[adegenet-commits] r835 - in pkg: R man
noreply at r-forge.r-project.org
noreply at r-forge.r-project.org
Thu Mar 3 17:21:56 CET 2011
Author: jombart
Date: 2011-03-03 17:21:55 +0100 (Thu, 03 Mar 2011)
New Revision: 835
Added:
pkg/man/read.PLINK.Rd
Modified:
pkg/R/SNPbin.R
pkg/R/import.R
pkg/man/read.snp.Rd
Log:
read.PLINK is there. Fuck yeah.
Modified: pkg/R/SNPbin.R
===================================================================
--- pkg/R/SNPbin.R 2011-03-03 12:27:51 UTC (rev 834)

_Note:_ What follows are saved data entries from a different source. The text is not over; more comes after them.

(* Let $G$ be an abelian group and let $Z$ be a finite multiset of elements of $G$ with $\dim(Z)\geqslant1$. Set $K(Z)=|Z|/\dim(Z)$. Then $$|Z|\geqslant\frac{K(Z)}{2(2+\log_2K(Z))}\cdot\log_2|\Sigma(Z)|.$$
   Context: $|Z|$ is the size of $Z$ counted with multiplicity. $\Sigma(Z)=\{\sum_{z\in Z'}z:Z'\subseteq Z\}$, where $Z'$ ranges over sub-multisets of $Z$. A (multi)set is dissociated if any two of its sub-multisets with equal sums are equal. $\dim(Z)$ is the size of the largest dissociated sub-multiset of $Z$. *)

theory Defs
  imports Complex_Main "HOL-Library.Multiset"
begin

definition subset_sums :: "'a::comm_monoid_add multiset \<Rightarrow> 'a set" where
  "subset_sums Z = {sum_mset Z' | Z'. Z' \<subseteq># Z}"

definition dissociated :: "'a::comm_monoid_add multiset \<Rightarrow> bool" where
  "dissociated Z \<longleftrightarrow> (\<forall>A B. A \<subseteq># Z \<longrightarrow> B \<subseteq># Z \<longrightarrow> sum_mset A = sum_mset B \<longrightarrow> A = B)"

definition mdim :: "'a::comm_monoid_add multiset \<Rightarrow> nat" where
  "mdim Z = Max {size W | W. W \<subseteq># Z \<and> dissociated W}"

end

(*
  Write Z as the image of an index function x on {..<n}, so that the subset sums are the
  sums of x over index sets. Choose for each subset sum the index set with least binary code
  (sum of 2^i over the set); this family has exactly |Sigma(Z)| members. By Pajor's version of
  the Sauer-Shelah lemma it shatters at least |Sigma(Z)| index sets, and each shattered index
  set T is dissociated: two disjoint subsets of T with equal sums could be exchanged inside a
  chosen representative, and exchanging away the one containing the largest index lowers the
  code. Hence |Sigma(Z)| <= sum_{j<=d} (n choose j) <= (e n/d)^d with d = dim Z, that is
  log2 |Sigma(Z)| <= d (2 + log2 K), which is even twice as strong as the claim.
*)
theory Submission
  imports Defs
begin

definition shatters :: "'b set set \<Rightarrow> 'b set \<Rightarrow> bool" where
  "shatters F T \<longleftrightarrow> (\<forall>A\<subseteq>T. \<exists>S\<in>F. S \<inter> T = A)"

lemma shattersE:
  assumes "shatters F T" "A \<subseteq> T"
  obtains S where "S \<in> F" "S \<inter> T = A"
  using assms unfolding shatters_def by blast

definition deletion :: "'b \<Rightarrow> 'b set set \<Rightarrow> 'b set set" where
  "deletion x F = {S\<in>F. x \<notin> S}"

definition link :: "'b \<Rightarrow> 'b set set \<Rightarrow> 'b set set" where
  "link x F = {S. x \<notin> S \<and> insert x S \<in> F}"

lemma deletion_link_subset_Pow:
  assumes "F \<subseteq> Pow (insert x U)"
  shows "deletion x F \<subseteq> Pow U" "link x F \<subseteq> Pow U"
  using assms by (auto simp: deletion_def link_def)

lemma card_partition_by_member:
  assumes "finite F"
  shows "card F = card {S\<in>F. x \<notin> S} + card {S\<in>F. x \<in> S}"
proof -
  have "F = {S\<in>F. x \<notin> S} \<union> {S\<in>F. x \<in> S}" by blast
  also have "card \<dots> = card {S\<in>F. x \<notin> S} + card {S\<in>F. x \<in> S}"
    using assms by (intro card_Un_disjoint) auto
  finally show ?thesis .
qed

lemma card_eq_card_deletion_Un_link_plus_card_Int:
  assumes "finite F"
  shows "card F = card (deletion x F \<union> link x F) + card (deletion x F \<inter> link x F)"
proof -
  have image: "{S\<in>F. x \<in> S} = insert x ` link x F"
  proof (intro equalityI subsetI)
    fix S assume "S \<in> {S\<in>F. x \<in> S}"
    then have "S = insert x (S - {x})" "S - {x} \<in> link x F" by (auto simp: link_def insert_absorb)
    then show "S \<in> insert x ` link x F" by (rule image_eqI)
  qed (auto simp: link_def)
  have inj: "inj_on (insert x) (link x F)"
    unfolding link_def inj_on_def by (auto simp: insert_ident)
  have "finite (insert x ` link x F)" using assms unfolding image[symmetric] by simp
  then have "finite (link x F)" using inj by (rule finite_imageD)
  have "card F = card (deletion x F) + card {S\<in>F. x \<in> S}"
    unfolding deletion_def using assms by (rule card_partition_by_member)
  also have "card {S\<in>F. x \<in> S} = card (link x F)"
    unfolding image using inj by (rule card_image)
  also have "card (deletion x F) + card (link x F)
             = card (deletion x F \<union> link x F) + card (deletion x F \<inter> link x F)"
    using assms \<open>finite (link x F)\<close> by (intro card_Un_Int) (simp_all add: deletion_def)
  finally show ?thesis .
qed

lemma shatters_if_shatters_deletion_Un_link:
  assumes "shatters (deletion x F \<union> link x F) T" and "x \<notin> T"
  shows "shatters F T"
  unfolding shatters_def
proof (intro allI impI)
  fix A assume "A \<subseteq> T"
  with assms(1) obtain S where S: "S \<in> deletion x F \<union> link x F" "S \<inter> T = A"
    by (rule shattersE)
  show "\<exists>S'\<in>F. S' \<inter> T = A"
  proof (cases "S \<in> deletion x F")
    case False
    with S(1) have "insert x S \<in> F" by (simp add: link_def)
    moreover have "insert x S \<inter> T = A" using S(2) assms(2) by blast
    ultimately show ?thesis by blast
  qed (use S(2) in \<open>auto simp: deletion_def\<close>)
qed

lemma shatters_insert_if_shatters_deletion_Int_link:
  assumes "shatters (deletion x F \<inter> link x F) T" and "x \<notin> T"
  shows "shatters F (insert x T)"
  unfolding shatters_def
proof (intro allI impI)
  fix A assume "A \<subseteq> insert x T"
  then have "A - {x} \<subseteq> T" by blast
  with assms(1) obtain S where "S \<in> deletion x F \<inter> link x F" "S \<inter> T = A - {x}"
    by (rule shattersE)
  then have S: "S \<in> F" "insert x S \<in> F" "x \<notin> S" "S \<inter> T = A - {x}"
    by (auto simp: deletion_def link_def)
  show "\<exists>S'\<in>F. S' \<inter> insert x T = A"
  proof (cases "x \<in> A")
    case True
    then have "insert x S \<inter> insert x T = A" using S(4) by blast
    with S(2) show ?thesis by blast
  next
    case False
    then have "S \<inter> insert x T = A" using S(3,4) by blast
    with S(1) show ?thesis by blast
  qed
qed

lemma card_shattered_deletion_Un_link_plus_card_Int_le:
  assumes "finite U" and "x \<notin> U"
  shows "card {T. T \<subseteq> U \<and> shatters (deletion x F \<union> link x F) T}
           + card {T. T \<subseteq> U \<and> shatters (deletion x F \<inter> link x F) T}
         \<le> card {T. T \<subseteq> insert x U \<and> shatters F T}"
proof -
  define SF where "SF = {T. T \<subseteq> insert x U \<and> shatters F T}"
  have "finite SF" using assms(1) unfolding SF_def by simp
  have "card {T. T \<subseteq> U \<and> shatters (deletion x F \<union> link x F) T} \<le> card {T\<in>SF. x \<notin> T}"
  proof (rule card_mono)
    show "{T. T \<subseteq> U \<and> shatters (deletion x F \<union> link x F) T} \<subseteq> {T\<in>SF. x \<notin> T}"
    proof safe
      fix T assume T: "T \<subseteq> U" "shatters (deletion x F \<union> link x F) T"
      then have "x \<notin> T" using assms(2) by blast
      with T(2) have "shatters F T" by (rule shatters_if_shatters_deletion_Un_link)
      with T(1) show "T \<in> SF" by (auto simp: SF_def)
    qed (use assms(2) in blast)
  qed (use \<open>finite SF\<close> in simp)
  moreover have "card {T. T \<subseteq> U \<and> shatters (deletion x F \<inter> link x F) T} \<le> card {T\<in>SF. x \<in> T}"
  proof (rule card_inj_on_le)
    show "inj_on (insert x) {T. T \<subseteq> U \<and> shatters (deletion x F \<inter> link x F) T}"
      using assms(2) unfolding inj_on_def by (auto simp: insert_ident subset_iff)
    show "insert x ` {T. T \<subseteq> U \<and> shatters (deletion x F \<inter> link x F) T} \<subseteq> {T\<in>SF. x \<in> T}"
    proof safe
      fix T assume T: "T \<subseteq> U" "shatters (deletion x F \<inter> link x F) T"
      then have "x \<notin> T" using assms(2) by blast
      with T(2) have "shatters F (insert x T)" by (rule shatters_insert_if_shatters_deletion_Int_link)
      with T(1) show "insert x T \<in> SF" by (auto simp: SF_def)
    qed
  qed (use \<open>finite SF\<close> in simp)
  moreover have "card SF = card {T\<in>SF. x \<notin> T} + card {T\<in>SF. x \<in> T}"
    using \<open>finite SF\<close> by (rule card_partition_by_member)
  ultimately show ?thesis unfolding SF_def by linarith
qed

+++ pkg/R/SNPbin.R 2011-03-03 16:21:55 UTC (rev 835)
@@ -416,7 +416,7 @@
if(!is.null(other(object))){
cat(" @other: ")
- cat("a list containing ")
+ cat("a list containing: ")
cat(ifelse(is.null(names(other(object))), paste(length(other(object)),"unnamed elements"),
paste(names(other(object)), collapse= " ")), "\n")
}
Modified: pkg/R/import.R
===================================================================
--- pkg/R/import.R 2011-03-03 12:27:51 UTC (rev 834)
+++ pkg/R/import.R 2011-03-03 16:21:55 UTC (rev 835)
@@ -719,10 +719,11 @@
#######################
# Function read.snp
#######################
-read.snp <- function(file, quiet=FALSE, chunkSize=10,
+read.snp <- function(file, quiet=FALSE, chunkSize=1000,
multicore=require("multicore"), n.cores=NULL, ...){
- ##ext <- .readExt(file)
- ##ext <- toupper(ext)
+ ext <- .readExt(file)
+ ext <- toupper(ext)
+ if(ext != "SNP") warning("wrong file extension - '.snp' expected")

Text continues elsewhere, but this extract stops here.